A second invention is a transmissive screen (2) of the first invention, wherein the intermediate layer is a light-transmitting plate material (30).
A third invention is a transmissive screen (2) of the first invention, wherein the intermediate layer is an air layer (40).
A fourth invention is a transmissive screen (2) according to any one of the first to third inventions, wherein the first sheet (10) is light refracted with the first diffusion layer (11). The Fresnel lens sheet (12) on which the layer (12) is formed is provided, and the second sheet (20) is a light diffusion in which the second diffusion layer (22) and the light control layer (21) are formed. It is a transmissive screen characterized by including a sheet.
A fifth invention is a transmissive screen (2) according to any one of the first to third inventions, wherein the first sheet (10) and the second sheet (20) have a vertical dimension of A. It is a transmissive screen characterized in that the B / A value is a rectangular shape included in the range of 5 to 25 when the horizontal dimension is B.
A sixth invention is a display including a transmissive screen (2) according to any one of the first to fifth inventions and a laser scanning projector (3) that projects video light onto the transmissive screen. The device (1).

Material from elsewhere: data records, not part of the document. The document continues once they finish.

lemma rank_one_operator:
  fixes F :: "'a::complex_normed_vector set"
  assumes "closed_csubspace F" "x \<notin> F"
  shows "\<exists>T. cbounded_linear T \<and> T x = y \<and> (\<forall>m\<in>F. T m = 0) \<and> (\<forall>z. \<exists>c. T z = c *\<^sub>C y)"
proof -
  obtain h :: "'a \<Rightarrow> complex" and K where h_add: "\<And>a b. h (a + b) = h a + h b"
    and h_scaleC: "\<And>c a. h (c *\<^sub>C a) = c * h a" and h_bound: "\<And>z. cmod (h z) \<le> K * norm z"
    and "\<And>m. m \<in> F \<Longrightarrow> h m = 0" "h x = 1"
    using separating_complex_functional[OF assms] by blast
  define T where "T z = h z *\<^sub>C y" for z
  have "bounded_linear T"
  proof (rule bounded_linear_intro[where K = "K * norm y"])
    show "T (a + b) = T a + T b" for a b unfolding T_def h_add by (rule scaleC_add_left)
    show "T (r *\<^sub>R a) = r *\<^sub>R T a" for r a
      unfolding T_def by (metis h_scaleC scaleC_of_real scaleC_scaleC)
    show "norm (T a) \<le> norm a * (K * norm y)" for a
      using mult_right_mono[OF h_bound[of a] norm_ge_zero[of y]] by (simp add: T_def norm_scaleC ac_simps)
  qed
  then have "cbounded_linear T"
    by (simp add: cbounded_linear_def T_def h_scaleC scaleC_scaleC)
  then show ?thesis
    using \<open>\<And>m. m \<in> F \<Longrightarrow> h m = 0\<close> \<open>h x = 1\<close>
    by (intro exI[of _ T]) (auto simp: T_def scaleC_one)
qed

section \<open>Closed linear spans\<close>

lemma bounded_linear_scaleC: "bounded_linear (\<lambda>x::'a::complex_normed_vector. c *\<^sub>C x)"
  by (rule bounded_linear_intro[where K = "cmod c"])
    (auto simp: scaleC_add_right norm_scaleC mult.commute scaleC_scaleC
      simp flip: scaleC_of_real)
(* Let $V_{Horn}$ be the set of matrices $A\in\partial\mathcal{CP}_5\cap\mathcal{DNN}_5^\circ$ that are orthogonal to some matrix of the form $DHD$ with $D$ a positive diagonal matrix. Then $V_{Horn}$ is the image of $Z_{Horn}$ under the map $\varphi: W\to Sym_5$, $\varphi(X)=XX^{\mathsf T}$.
   Context: $Sym_5$ is the space of real symmetric $5\times 5$ matrices with inner product $\langle A,B\rangle=\operatorname{trace}(A^{\mathsf T}B)$. $\mathcal{CP}_5$ is the cone of matrices $BB^{\mathsf T}$ with $B$ a real $5\times k$ matrix with nonnegative entries; $\mathcal{DNN}_5$ is the cone of positive semidefinite $5\times 5$ matrices with nonnegative entries; $\partial$ and ${}^\circ$ denote boundary and interior in the Euclidean topology. $H$ is the Horn matrix \[H=\begin{pmatrix} 1 & -1 &1& 1& -1 \\ -1 & 1& -1 &1& 1\\ 1 & -1 & 1 & -1 & 1\\ 1 & 1& -1&1& -1\\ -1&1&1&-1&1\end{pmatrix}.\] $W$ is the set of (nonnegative) $5\times 5$ matrices of the form \[\begin{pmatrix} y_{11}& 0&0& y_{41}& y_{51} \\ y_{12} & y_{22}& 0 &0& y_{52}\\ y_{13 }& y_{23}& y_{33} & 0& 0\\ 0 & y_{24}& y_{34}&y_{44}& 0\\ 0&0&y_{35}&y_{45}& y_{55}\end{pmatrix}.\] $Z_{Horn}\subset W$ is the set of all matrices $DB$ where $D$ is a diagonal matrix with positive diagonal entries and \[B = \begin{pmatrix} 1& 0&0& y_4& y_5+1 \\ y_1+1 & 1& 0 &0& y_5\\ y_1 & y_2+1 & 1 & 0& 0\\ 0 & y_2& y_3+1&1& 0\\ 0&0&y_3&y_4+1&1\end{pmatrix}\operatorname{diag}(z_1,\dots,z_5)\] with $y_1,\dots,y_5,z_1,\dots,z_5$ positive reals. *)

theory Defs
  imports "HOL-Analysis.Analysis"
begin

type_synonym mat5 = "real^5^5"

text \<open>Matrices are real^5^5 with A $ i $ j the entry in row i, column j.
  Rows/columns are indexed 1,2,3,4,5 (numerals of type 5) in the order given by vector.\<close>

definition Sym5 :: "mat5 set" where
  "Sym5 = {A. transpose A = A}"

definition inner5 :: "mat5 \<Rightarrow> mat5 \<Rightarrow> real" where
  "inner5 A B = trace (transpose A ** B)"

text \<open>Completely positive cone: matrices B B^T with B a nonnegative 5 x k matrix;
  the columns of B are b 0, ..., b (k-1).\<close>
definition CP5 :: "mat5 set" where
  "CP5 = {A. \<exists>(k::nat) (b::nat \<Rightarrow> real^5).
            (\<forall>l<k. \<forall>i. b l $ i \<ge> 0) \<and>
            A = (\<chi> i j. \<Sum>l<k. b l $ i * b l $ j)}"

definition psd5 :: "mat5 \<Rightarrow> bool" where
  "psd5 A \<longleftrightarrow> A \<in> Sym5 \<and> (\<forall>x::real^5. x \<bullet> (A *v x) \<ge> 0)"

definition DNN5 :: "mat5 set" where
  "DNN5 = {A. psd5 A \<and> (\<forall>i j. A $ i $ j \<ge> 0)}"

definition diag5 :: "(5 \<Rightarrow> real) \<Rightarrow> mat5" where
  "diag5 d = (\<chi> i j. if i = j then d i else 0)"

definition Horn :: mat5 where
  "Horn = vector [vector [ 1, -1,  1,  1, -1],
                  vector [-1,  1, -1,  1,  1],
                  vector [ 1, -1,  1, -1,  1],
                  vector [ 1,  1, -1,  1, -1],
                  vector [-1,  1,  1, -1,  1]]"

definition W5 :: "mat5 set" where
  "W5 = {X. (\<forall>i j. X $ i $ j \<ge> 0) \<and>
            X $ 1 $ 2 = 0 \<and> X $ 1 $ 3 = 0 \<and>
            X $ 2 $ 3 = 0 \<and> X $ 2 $ 4 = 0 \<and>
            X $ 3 $ 4 = 0 \<and> X $ 3 $ 5 = 0 \<and>
            X $ 4 $ 1 = 0 \<and> X $ 4 $ 5 = 0 \<and>
            X $ 5 $ 1 = 0 \<and> X $ 5 $ 2 = 0}"

definition HornB :: "real \<Rightarrow> real \<Rightarrow> real \<Rightarrow> real \<Rightarrow> real \<Rightarrow> mat5" where
  "HornB y1 y2 y3 y4 y5 =
     vector [vector [1,      0,      0,      y4,     y5 + 1],
             vector [y1 + 1, 1,      0,      0,      y5],
             vector [y1,     y2 + 1, 1,      0,      0],
             vector [0,      y2,     y3 + 1, 1,      0],
             vector [0,      0,      y3,     y4 + 1, 1]]"
lemma expected_response_time_le:
  fixes t D :: real
  assumes "0 < l" and "0 < t" and "odd m" and "1 \<le> n" and "0 \<le> D"
  shows "(\<integral>\<^sup>+\<omega>. ennreal (response_time l D n \<omega>) \<partial>delay_space l n)
    \<le> ennreal (2 * t + D + 2 * small_delta l n * real n
                + card (msg_index n) * (fact (Suc m) / (l ^ Suc m * t ^ m)))"
proof -
  define c where "c = 2 * t + D + 2 * small_delta l n * real n"
  define X where "X i \<omega> = \<omega> i ^ Suc m / t ^ m" for i and \<omega> :: "nat \<times> nat \<Rightarrow> real"
  have "0 \<le> c"
    using assms small_delta_nonneg[of l n] by (simp add: c_def)
  have "0 \<le> X i \<omega>" for i \<omega>
    unfolding X_def using assms by (intro divide_nonneg_pos zero_le_power_Suc_odd) auto
  interpret prob_space "delay_space l n"
    using assms(1) by (rule prob_space_delay_space)
  have "ennreal (response_time l D n \<omega>) \<le> ennreal c + (\<Sum>i\<in>msg_index n. ennreal (X i \<omega>))" for \<omega>
  proof -
    have "response_time l D n \<omega> \<le> 2 * t + (\<Sum>i\<in>msg_index n. X i \<omega>) + D + 2 * small_delta l n * real n"
      unfolding X_def by (rule response_time_le[OF assms(1,4,5) arrival_le_moment_sum[OF assms(2,3)]])
    then show ?thesis
      using \<open>0 \<le> c\<close> \<open>\<And>i \<omega>. 0 \<le> X i \<omega>\<close>
      by (simp add: c_def ennreal_leI sum_nonneg sum_ennreal flip: ennreal_plus)
  qed
  then have "(\<integral>\<^sup>+\<omega>. ennreal (response_time l D n \<omega>) \<partial>delay_space l n)
      \<le> (\<integral>\<^sup>+\<omega>. ennreal c + (\<Sum>i\<in>msg_index n. ennreal (X i \<omega>)) \<partial>delay_space l n)"
    by (rule nn_integral_mono)
  also have "\<dots> = ennreal c + (\<Sum>i\<in>msg_index n. \<integral>\<^sup>+\<omega>. ennreal (X i \<omega>) \<partial>delay_space l n)"
    by (simp add: X_def nn_integral_add nn_integral_sum emeasure_space_1)
  also have "\<dots> = ennreal c + ennreal (card (msg_index n) * (fact (Suc m) / (l ^ Suc m * t ^ m)))"
    using assms
    by (simp add: X_def nn_integral_delay_power ennreal_of_nat_eq_real_of_nat
        flip: ennreal_mult' del: power_Suc fact_Suc)
  finally show ?thesis
    using \<open>0 \<le> c\<close> assms by (simp add: c_def del: power_Suc fact_Suc flip: ennreal_plus)
qed

lemma one_minus_root_ge:
  assumes "0 < p" and "p < 1" and "1 \<le> n"
  shows "- ln p / (real n - ln p) \<le> 1 - root n p"
proof -
  define q where "q = - ln p"
  have "0 < q" and "0 < real n"
    using assms by (simp_all add: q_def)
  have "root n p = exp (- (q / real n))"
    using assms by (simp add: root_powr_inverse powr_def q_def)
  also have "\<dots> = 1 / exp (q / real n)"
    by (simp add: exp_minus field_simps)
  also have "\<dots> \<le> 1 / (1 + q / real n)"
    using \<open>0 < q\<close> \<open>0 < real n\<close> by (intro divide_left_mono exp_ge_add_one_self) (auto intro!: mult_pos_pos add_pos_pos)
  also have "\<dots> = 1 - q / (real n + q)"
    using \<open>0 < q\<close> \<open>0 < real n\<close> by (simp add: field_simps)
  finally show ?thesis
    by (simp add: q_def)
qed

lemma Delta_p_nonneg:
  assumes "0 < p" and "p < 1" and "0 < l" and "1 \<le> n"
  shows "0 \<le> Delta_p p l n"
proof -
  have "ln (1 - root n p) \<le> 0"
    using assms by (simp add: real_root_lt_1_iff)
  then show ?thesis
    using assms(3) by (simp add: Delta_p_def divide_nonpos_pos)
qed
(* Assume $\mathrm{Unif}(\mathcal S)$ and $\mathfrak d=\mathfrak c$. Then there exists a strong measure zero set $X\subseteq\mathbb R$ with $|X|=\mathfrak c$.
   Context: $\mathfrak c=2^{\aleph_0}$. A set $X\subseteq\mathbb R$ has strong measure zero if for every sequence $\langle\varepsilon_i:i<\omega\rangle$ of positive reals there is a sequence $\langle x_i:i<\omega\rangle$ of reals with $X\subseteq\bigcup_{i<\omega}(x_i-\varepsilon_i,x_i+\varepsilon_i)$. $\mathcal S$ denotes the ideal of strong measure zero sets. $\mathrm{Unif}(\mathcal S)$ is the statement "every set of reals of cardinality less than $\mathfrak c$ has strong measure zero". $\mathfrak d$ is the least cardinality of a family $\mathcal H\subseteq\omega^\omega$ such that for every $g\in\omega^\omega$ there is $h\in\mathcal H$ with $g(n)<h(n)$ for all $n$. *)

theory Defs
  imports Complex_Main "HOL-Library.Equipollence"
begin

definition strong_measure_zero :: "real set \<Rightarrow> bool" where
  "strong_measure_zero X \<longleftrightarrow>
     (\<forall>\<epsilon> :: nat \<Rightarrow> real. (\<forall>i. 0 < \<epsilon> i) \<longrightarrow>
        (\<exists>x :: nat \<Rightarrow> real. X \<subseteq> (\<Union>i. {x i - \<epsilon> i <..< x i + \<epsilon> i})))"

definition Unif_S :: bool where
  "Unif_S \<longleftrightarrow> (\<forall>X :: real set. X \<prec> (UNIV :: real set) \<longrightarrow> strong_measure_zero X)"

definition dominating :: "(nat \<Rightarrow> nat) set \<Rightarrow> bool" where
  "dominating H \<longleftrightarrow> (\<forall>g :: nat \<Rightarrow> nat. \<exists>h\<in>H. \<forall>n. g n < h n)"

text \<open>d = c: the least cardinality of a dominating family equals the continuum.
  Since the whole Baire space is a dominating family of size c, this says
  exactly that no dominating family has cardinality less than c.\<close>
definition d_eq_c :: bool where
  "d_eq_c \<longleftrightarrow> (\<forall>H. dominating H \<longrightarrow> \<not> (H \<prec> (UNIV :: real set)))"

end

theory Submission
  imports Defs
begin

(* Well-order R in type c and let sigma map R onto the Baire space. A function
   a : nat -> nat -> nat determines levels c 0 = 0, c (j + 1) = c j + 2 + a j (c j) and the real
   x = sum_j 2^-(c j). If some gap c (j + 1) - c j exceeds 2 + D_g (c j), then x lies within
   2^-(D_g (c j)) of a dyadic rational m / 2^(c j); D_g grows so fast that all these intervals
   together form one sequence of intervals with radii 2^-(g i). By d = c, for every s there is
   a function not dominated by the fewer than c functions derived from D_(sigma r), r < s; letting
   a_s grow like its partial sums puts x_s into the cover for sigma r whenever r <= s. Given g, the
   x_s with s >= r, where sigma r = g, are thus covered by the dyadic intervals, and the fewer than c
   remaining ones by Unif(S). The parity of a_s records the rational cut of s, so s |-> x_s is
   injective. *)

unbundle cardinal_syntax

section \<open>Sums of powers of one half along gapped sequences\<close>

definition gapped :: "(nat \<Rightarrow> nat) \<Rightarrow> bool" where
  "gapped c \<longleftrightarrow> (\<forall>j. c j + 2 \<le> c (Suc j))"

definition dyadic_sum :: "(nat \<Rightarrow> nat) \<Rightarrow> real" where
  "dyadic_sum c = (\<Sum>j. (1/2) ^ c j)"

lemma gapped_add: "gapped c \<Longrightarrow> c p + 2 * i \<le> c (i + p)"
proof (induction i)
  case (Suc i)
  then have "c (i + p) + 2 \<le> c (Suc (i + p))" by (simp add: gapped_def)
  with Suc show ?case by simp
qed simp

lemma gapped_strict_mono:
  assumes "gapped c"
  shows "strict_mono c"
  unfolding strict_mono_Suc_iff
proof
  fix j
  have "c j + 2 \<le> c (Suc j)" using assms by (simp add: gapped_def)
  then show "c j < c (Suc j)" by simp
qed

lemma gapped_term_le:
  assumes "gapped c"
  shows "(1/2::real) ^ c (j + p) \<le> (1/2) ^ c p * (1/4) ^ j"
proof -
  have "(1/2::real) ^ c (j + p) \<le> (1/2) ^ (c p + 2 * j)"
    using gapped_add[OF assms, of p j] by (intro power_decreasing) auto
  also have "\<dots> = (1/2) ^ c p * (1/4) ^ j"
    by (simp add: power_add power_mult power2_eq_square)
  finally show ?thesis .
qed

lemma summable_gapped_tail: "gapped c \<Longrightarrow> summable (\<lambda>j. (1/2::real) ^ c (j + p))"
  by (rule summable_comparison_test[where g = "\<lambda>j. (1/2) ^ c p * (1/4) ^ j"])
    (auto intro: gapped_term_le summable_mult summable_geometric)

lemma gapped_tail_le:
  assumes c: "gapped c"
  shows "(\<Sum>j. (1/2::real) ^ c (j + p)) \<le> 4/3 * (1/2) ^ c p"
proof -
  have geometric: "summable (\<lambda>j. (1/4::real) ^ j)" by (rule summable_geometric) simp
  have "(\<Sum>j. (1/2::real) ^ c (j + p)) \<le> (\<Sum>j. (1/2) ^ c p * (1/4) ^ j)"
    by (rule suminf_le) (use gapped_term_le[OF c] summable_gapped_tail[OF c] geometric in auto)
  also have "\<dots> = (1/2) ^ c p * (\<Sum>j. (1/4::real) ^ j)"
    by (rule suminf_mult[OF geometric])
  also have "(\<Sum>j. (1/4::real) ^ j) = 4/3"
    by (subst suminf_geometric) auto
  finally show ?thesis by simp
qed

lemma gapped_tail_ge: "gapped c \<Longrightarrow> (1/2::real) ^ c p \<le> (\<Sum>j. (1/2) ^ c (j + p))"
  using sum_le_suminf[OF summable_gapped_tail[of c p], of "{0}"] by auto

According to the present invention, it is possible to provide a transmissive screen and a display device that suppress the generation of speckles when projecting video light output from a laser light source.

It is a figure explaining the structure of the projection type display device 1 of 1st Embodiment. It is a figure explaining the layer structure of the transmissive screen 2 of 1st Embodiment. It is a graph explaining the relationship between the layer structure of a transmissive screen and speckle. It is a figure explaining the layer structure of the transmissive screen 2A of the 2nd Embodiment. It is a figure explaining the layer structure of the light diffusion sheet 20A of a modified form.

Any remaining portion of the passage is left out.